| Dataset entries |
• • • • •
lemma abs_adapted_coeff_le:
  assumes "x \<le> N" "\<And>u. u \<le> N \<Longrightarrow> \<bar>y u\<bar> \<le> Y"
  shows "\<bar>adapted_coeff \<sigma> M y x\<bar> \<le> Y * (1 + (\<Sum>u\<in>{Suc \<sigma>..N}. \<bar>M 0 (u - Suc \<sigma>)\<bar>))"
proof -
  have Y: "0 \<le> Y" "\<bar>y x\<bar> \<le> Y" "\<bar>y 0\<bar> \<le> Y" using assms by (auto intro: order_trans[OF abs_ge_zero])
  have S: "0 \<le> (\<Sum>u\<in>{Suc \<sigma>..N}. \<bar>M 0 (u - Suc \<sigma>)\<bar>)" by (auto intro: sum_nonneg)
  show ?thesis
  proof (cases "x \<le> \<sigma>")
    case False
    then have "\<bar>M 0 (x - Suc \<sigma>)\<bar> \<le> (\<Sum>u\<in>{Suc \<sigma>..N}. \<bar>M 0 (u - Suc \<sigma>)\<bar>)"
      using assms(1) by (intro member_le_sum) auto
    then have "\<bar>y x\<bar> + \<bar>y 0\<bar> * \<bar>M 0 (x - Suc \<sigma>)\<bar> \<le> Y + Y * (\<Sum>u\<in>{Suc \<sigma>..N}. \<bar>M 0 (u - Suc \<sigma>)\<bar>)"
      using Y by (intro add_mono mult_mono) auto
    then show ?thesis
      using False abs_triangle_ineq4[of "y x" "y 0 * M 0 (x - Suc \<sigma>)"]
      by (simp add: adapted_coeff_def abs_mult algebra_simps)
  next
    case True
    have "Y \<le> Y * (1 + (\<Sum>u\<in>{Suc \<sigma>..N}. \<bar>M 0 (u - Suc \<sigma>)\<bar>))"
      using Y(1) S by (simp add: distrib_left)
    then show ?thesis using True Y by (auto simp: adapted_coeff_def)
  qed
qed

lemma abs_gram_det_row_form_adapted_le_RMc_norm:
  assumes i: "i \<le> \<sigma>" and len: "length vs = Suc (length us)" and us: "set us \<subseteq> {0..N}"
    and i0: "i = 0 \<or> 0 \<notin> set us"
  shows "\<bar>gram_det N (row_form \<sigma> N M i # map (adapted_basis \<sigma> N M) us) vs\<bar> \<le> RMc_norm \<sigma> N M vs"
proof (cases "0 \<in> set us")
  case True
  then obtain p where p: "p < length us" "us ! p = 0" by (auto simp: in_set_conv_nth)
  have "gram_det N (row_form \<sigma> N M i # map (adapted_basis \<sigma> N M) us) vs = 0"
    by (rule gram_det_eq_0_if_rows_eq[of 0 _ "Suc p"]) (use p len True i0 in \<open>auto simp: adapted_basis_def\<close>)
  then show ?thesis using RMc_norm_nonneg by simp
next
  case False
  have "set us \<subseteq> {1..N}"
  proof
    fix x assume "x \<in> set us"
    then have "x \<noteq> 0" "x \<le> N" using us False by (metis, auto)
    then show "x \<in> {1..N}" by simp
  qed
  moreover have "map (adapted_basis \<sigma> N M) us = map std_basis us"
    using False by (auto simp: adapted_basis_def)
  ultimately show ?thesis using i len by (simp only: abs_gram_det_row_form_le_RMc_norm length_map)
qed

definition row_weight :: "nat \<Rightarrow> nat \<Rightarrow> (nat \<Rightarrow> nat \<Rightarrow> real) \<Rightarrow> real" where
  "row_weight \<sigma> N M = 1 + (\<Sum>k\<in>{0..\<sigma>}. \<Sum>u\<in>{Suc \<sigma>..N}. \<bar>M k (u - Suc \<sigma>)\<bar>)"

lemma row_weight_ge:
  assumes "i \<le> \<sigma>"
  shows "1 + (\<Sum>u\<in>{Suc \<sigma>..N}. \<bar>M i (u - Suc \<sigma>)\<bar>) \<le> row_weight \<sigma> N M"
  unfolding row_weight_def using assms
  by (intro add_left_mono member_le_sum[where f = "\<lambda>k. \<Sum>u\<in>{Suc \<sigma>..N}. \<bar>M k (u - Suc \<sigma>)\<bar>"])
    (auto intro: sum_nonneg)

lemma one_le_row_weight: "1 \<le> row_weight \<sigma> N M"
  unfolding row_weight_def by (auto intro!: sum_nonneg)

lemma abs_gram_det_row_form_adapted_le:
  assumes \<sigma>N: "\<sigma> < N" and i: "i \<le> \<sigma>" and len: "length vs = Suc (length us)" and us: "set us \<subseteq> {0..N}"
  shows "\<bar>gram_det N (row_form \<sigma> N M i # map (adapted_basis \<sigma> N M) us) vs\<bar>
    \<le> row_weight \<sigma> N M * RMc_norm \<sigma> N M vs"
proof (cases "i = 0 \<or> 0 \<notin> set us")
  case True
  then show ?thesis
    using abs_gram_det_row_form_adapted_le_RMc_norm[OF i len us True, of M]
      mult_right_mono[OF one_le_row_weight[of \<sigma> N M] RMc_norm_nonneg[of \<sigma> N M vs]] by simp
next
  case False
  then obtain p where p: "p < length us" "us ! p = 0" and i0: "i \<noteq> 0" by (auto simp: in_set_conv_nth)
  let ?S = "insert i {Suc \<sigma>..N}"
  let ?c = "\<lambda>x. if x = i then 1 else M i (x - Suc \<sigma>)"
  let ?rest = "map (adapted_basis \<sigma> N M) us"
  have iS: "i \<notin> {Suc \<sigma>..N}" using i by auto
  have "row_form \<sigma> N M i t = (\<Sum>x\<in>?S. ?c x * std_basis x t)" for t
    using iS unfolding row_form_def row_vec_def by (simp add: sum.insert) (intro sum.cong, auto)
  then have expand: "gram_det N (row_form \<sigma> N M i # ?rest) vs = (\<Sum>x\<in>?S. ?c x * gram_det N (std_basis x # ?rest) vs)"
    using gram_det_linear_row[of ?S 0 vs "row_form \<sigma> N M i # ?rest" N ?c std_basis] len by simp
  \<comment> \<open>Swapping e_x with the adapted basis vector row_form 0 at position p reduces each term to i = 0.\<close>
  have term_le: "\<bar>gram_det N (std_basis x # ?rest) vs\<bar> \<le> RMc_norm \<sigma> N M vs" if x: "x \<in> ?S" for x
  proof -
    have x1: "x \<noteq> 0" "x \<le> N" using x i0 i \<sigma>N by auto
    let ?L = "std_basis x # ?rest"
    have "?L[0 := ?L ! Suc p, Suc p := ?L ! 0] = row_form \<sigma> N M 0 # map (adapted_basis \<sigma> N M) (us[p := x])"
      using p x1 by (simp add: adapted_basis_def map_update)
    moreover have "gram_det N (?L[0 := ?L ! Suc p, Suc p := ?L ! 0]) vs = - gram_det N ?L vs"
      by (rule gram_det_swap_rows) (use p len in auto)
    moreover have "\<bar>gram_det N (row_form \<sigma> N M 0 # map (adapted_basis \<sigma> N M) (us[p := x])) vs\<bar> \<le> RMc_norm \<sigma> N M vs"
      by (rule abs_gram_det_row_form_adapted_le_RMc_norm)
        (use len us x1 in \<open>auto dest: set_update_subset_insert[THEN subsetD]\<close>)
    ultimately show ?thesis by simp
  qed
  have "\<bar>gram_det N (row_form \<sigma> N M i # ?rest) vs\<bar> \<le> (\<Sum>x\<in>?S. \<bar>?c x\<bar> * \<bar>gram_det N (std_basis x # ?rest) vs\<bar>)"
    unfolding expand by (rule order_trans[OF sum_abs]) (simp add: abs_mult)
  also have "\<dots> \<le> (\<Sum>x\<in>?S. \<bar>?c x\<bar> * RMc_norm \<sigma> N M vs)"
    by (intro sum_mono mult_left_mono term_le) auto
  also have "\<dots> = (\<Sum>x\<in>?S. \<bar>?c x\<bar>) * RMc_norm \<sigma> N M vs"
    by (simp add: sum_distrib_right)
  also have "(\<Sum>x\<in>{Suc \<sigma>..N}. \<bar>?c x\<bar>) = (\<Sum>u\<in>{Suc \<sigma>..N}. \<bar>M i (u - Suc \<sigma>)\<bar>)"
    using iS by (intro sum.cong) auto
  then have "(\<Sum>x\<in>?S. \<bar>?c x\<bar>) = 1 + (\<Sum>u\<in>{Suc \<sigma>..N}. \<bar>M i (u - Suc \<sigma>)\<bar>)"
    unfolding sum.insert[OF finite_atLeastAtMost iS] by simp
  also have "\<dots> * RMc_norm \<sigma> N M vs \<le> row_weight \<sigma> N M * RMc_norm \<sigma> N M vs"
    by (rule mult_right_mono[OF row_weight_ge[OF i] RMc_norm_nonneg])
  finally show ?thesis .
qed

lemma abs_gram_det_adapted_choice_le:
  assumes \<sigma>N: "\<sigma> < N" and len: "length vs = Suc m"
    and f: "f \<in> choice_funs (Suc m) {0..N}" and f0: "f 0 \<le> \<sigma>"
  shows "\<bar>gram_det N (map (\<lambda>a. (if a = 0 then row_form \<sigma> N M else adapted_basis \<sigma> N M) (f a)) [0..<Suc m]) vs\<bar>
    \<le> row_weight \<sigma> N M * RMc_norm \<sigma> N M vs"
proof -
  have "map (\<lambda>a. (if a = 0 then row_form \<sigma> N M else adapted_basis \<sigma> N M) (f a)) [0..<Suc m]
      = row_form \<sigma> N M (f 0) # map (adapted_basis \<sigma> N M) (map (f \<circ> Suc) [0..<m])"
    by (simp add: upt_conv_Cons map_Suc_upt[symmetric] del: upt_Suc)
  moreover have "set (map (f \<circ> Suc) [0..<m]) \<subseteq> {0..N}" using f by (auto simp: choice_funs_def)
  ultimately show ?thesis
    using abs_gram_det_row_form_adapted_le[OF \<sigma>N f0, of vs "map (f \<circ> Suc) [0..<m]" M] len by simp
qed

(* Coefficients of the rows of (\<Sum>k. \<alpha> k * row_form k) # ys: of row 0 in the row forms,
   of the other rows in the adapted basis. *)
definition expansion_coeff ::
    "nat \<Rightarrow> (nat \<Rightarrow> nat \<Rightarrow> real) \<Rightarrow> (nat \<Rightarrow> real) \<Rightarrow> (nat \<Rightarrow> real) list \<Rightarrow> nat \<Rightarrow> nat \<Rightarrow> real" where
  "expansion_coeff \<sigma> M \<alpha> ys a x =
     (if a = 0 then (if x \<le> \<sigma> then \<alpha> x else 0) else adapted_coeff \<sigma> M (ys ! (a - 1)) x)"

lemma gram_det_row_form_combination_expand:
  assumes \<sigma>N: "\<sigma> < N" and len: "length vs = Suc (length ys)"
  shows "gram_det N ((\<lambda>t. \<Sum>k\<in>{0..\<sigma>}. \<alpha> k * row_form \<sigma> N M k t) # ys) vs
    = (\<Sum>f\<in>choice_funs (length vs) {0..N}. (\<Prod>a\<in>{0..<length vs}. expansion_coeff \<sigma> M \<alpha> ys a (f a)) *
        gram_det N (map (\<lambda>a. (if a = 0 then row_form \<sigma> N M else adapted_basis \<sigma> N M) (f a)) [0..<length vs]) vs)"
proof (rule gram_det_expand_rows)
  fix a t assume t: "t \<le> N"
  let ?c = "expansion_coeff \<sigma> M \<alpha> ys" and ?h = "\<lambda>a. if a = 0 then row_form \<sigma> N M else adapted_basis \<sigma> N M"
  show "(((\<lambda>t. \<Sum>k\<in>{0..\<sigma>}. \<alpha> k * row_form \<sigma> N M k t) # ys) ! a) t = (\<Sum>x\<in>{0..N}. ?c a x * ?h a x t)"
  proof (cases a)
    case 0
    have "(\<Sum>x\<in>{0..N}. ?c a x * ?h a x t) = (\<Sum>k\<in>{0..\<sigma>}. \<alpha> k * row_form \<sigma> N M k t)"
      using 0 \<sigma>N by (intro sum.mono_neutral_cong_right) (auto simp: expansion_coeff_def)
    then show ?thesis using 0 by simp
  qed (use adapted_basis_expansion[OF t] in \<open>simp add: expansion_coeff_def\<close>)
qed (use len in simp_all)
• • • • •
| Problem details |
In the data above, find each line that has the word "ultimately" and copy it out.

| Exercise result |
  ultimately show ?thesis using i len by (simp only: abs_gram_det_row_form_le_RMc_norm length_map)
    ultimately show ?thesis by simp
  ultimately show ?thesis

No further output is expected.